[Exercise objective] Check every line of the data below for the string "thesis", and copy the ones that hold it.

[Supplied records]
-.-.-

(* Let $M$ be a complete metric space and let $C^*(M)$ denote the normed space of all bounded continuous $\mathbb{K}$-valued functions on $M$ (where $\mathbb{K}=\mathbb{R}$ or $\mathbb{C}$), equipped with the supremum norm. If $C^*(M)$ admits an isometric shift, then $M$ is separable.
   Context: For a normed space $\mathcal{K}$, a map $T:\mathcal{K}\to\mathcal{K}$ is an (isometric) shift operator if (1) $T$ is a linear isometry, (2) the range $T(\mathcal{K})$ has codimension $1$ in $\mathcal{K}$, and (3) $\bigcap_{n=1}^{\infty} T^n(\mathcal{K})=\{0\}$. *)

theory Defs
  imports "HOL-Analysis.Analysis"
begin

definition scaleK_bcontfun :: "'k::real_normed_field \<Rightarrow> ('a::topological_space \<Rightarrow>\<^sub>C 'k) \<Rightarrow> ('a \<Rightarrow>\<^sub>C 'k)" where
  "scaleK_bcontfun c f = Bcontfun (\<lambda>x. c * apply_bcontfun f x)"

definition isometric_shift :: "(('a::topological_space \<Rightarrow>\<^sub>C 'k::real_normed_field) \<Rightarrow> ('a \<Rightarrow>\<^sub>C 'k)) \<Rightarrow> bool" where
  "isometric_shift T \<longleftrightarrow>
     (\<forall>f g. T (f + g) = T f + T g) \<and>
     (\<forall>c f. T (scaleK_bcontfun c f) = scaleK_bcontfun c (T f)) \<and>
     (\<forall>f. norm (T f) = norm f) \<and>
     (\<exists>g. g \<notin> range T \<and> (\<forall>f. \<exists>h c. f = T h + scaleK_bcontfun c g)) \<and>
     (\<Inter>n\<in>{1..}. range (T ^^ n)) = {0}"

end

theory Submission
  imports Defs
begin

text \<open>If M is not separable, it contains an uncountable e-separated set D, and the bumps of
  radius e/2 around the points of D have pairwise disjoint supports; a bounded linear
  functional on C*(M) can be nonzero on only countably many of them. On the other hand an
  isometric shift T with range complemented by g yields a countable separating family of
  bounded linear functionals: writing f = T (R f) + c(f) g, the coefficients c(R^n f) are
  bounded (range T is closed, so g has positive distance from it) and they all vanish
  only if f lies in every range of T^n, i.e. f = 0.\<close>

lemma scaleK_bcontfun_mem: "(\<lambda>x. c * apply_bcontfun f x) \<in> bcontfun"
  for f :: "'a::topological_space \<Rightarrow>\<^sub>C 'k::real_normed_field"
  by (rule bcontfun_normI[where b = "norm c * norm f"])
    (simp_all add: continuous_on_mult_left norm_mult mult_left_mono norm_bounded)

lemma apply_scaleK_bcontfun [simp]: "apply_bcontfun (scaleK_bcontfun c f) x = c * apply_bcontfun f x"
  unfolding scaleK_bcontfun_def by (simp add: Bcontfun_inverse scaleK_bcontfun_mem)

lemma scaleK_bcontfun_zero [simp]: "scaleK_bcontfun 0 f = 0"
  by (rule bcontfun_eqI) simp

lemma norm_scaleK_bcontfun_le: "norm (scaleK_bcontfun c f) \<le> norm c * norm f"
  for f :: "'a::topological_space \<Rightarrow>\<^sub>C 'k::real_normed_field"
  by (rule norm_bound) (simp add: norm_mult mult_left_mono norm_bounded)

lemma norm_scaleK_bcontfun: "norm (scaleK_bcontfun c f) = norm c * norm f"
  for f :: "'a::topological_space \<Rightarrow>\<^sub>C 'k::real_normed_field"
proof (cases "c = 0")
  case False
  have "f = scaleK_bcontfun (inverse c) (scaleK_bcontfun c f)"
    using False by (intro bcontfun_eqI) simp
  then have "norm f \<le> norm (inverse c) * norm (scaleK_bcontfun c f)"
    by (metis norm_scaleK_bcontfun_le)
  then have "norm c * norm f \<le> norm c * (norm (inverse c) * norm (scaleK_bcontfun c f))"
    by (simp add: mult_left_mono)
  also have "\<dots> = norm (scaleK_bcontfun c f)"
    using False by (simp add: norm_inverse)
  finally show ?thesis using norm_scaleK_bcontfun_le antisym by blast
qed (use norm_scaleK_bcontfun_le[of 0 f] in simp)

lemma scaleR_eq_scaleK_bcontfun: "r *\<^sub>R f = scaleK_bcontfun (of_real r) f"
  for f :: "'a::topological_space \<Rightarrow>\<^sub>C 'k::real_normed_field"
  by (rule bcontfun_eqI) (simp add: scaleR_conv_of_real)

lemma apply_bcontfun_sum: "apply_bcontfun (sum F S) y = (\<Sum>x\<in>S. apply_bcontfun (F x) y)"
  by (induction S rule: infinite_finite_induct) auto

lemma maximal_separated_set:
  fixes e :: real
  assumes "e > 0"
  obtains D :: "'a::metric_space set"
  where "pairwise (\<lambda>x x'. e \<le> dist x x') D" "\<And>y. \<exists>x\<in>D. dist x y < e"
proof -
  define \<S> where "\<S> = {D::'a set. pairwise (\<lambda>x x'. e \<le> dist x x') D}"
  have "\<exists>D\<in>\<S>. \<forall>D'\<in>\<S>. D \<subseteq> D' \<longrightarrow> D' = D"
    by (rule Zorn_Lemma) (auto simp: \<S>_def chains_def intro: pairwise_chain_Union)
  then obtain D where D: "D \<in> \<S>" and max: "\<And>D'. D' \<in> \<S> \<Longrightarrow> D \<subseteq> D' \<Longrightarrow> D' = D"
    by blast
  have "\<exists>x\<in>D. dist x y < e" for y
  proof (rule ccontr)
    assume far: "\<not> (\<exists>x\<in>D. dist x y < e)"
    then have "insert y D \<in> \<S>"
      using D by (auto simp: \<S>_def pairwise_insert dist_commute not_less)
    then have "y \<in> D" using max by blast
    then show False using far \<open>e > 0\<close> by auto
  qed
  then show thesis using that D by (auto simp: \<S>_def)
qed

-.-.-

[Answer area]
  finally show ?thesis using norm_scaleK_bcontfun_le antisym by blast
  then show thesis using that D by (auto simp: \<S>_def)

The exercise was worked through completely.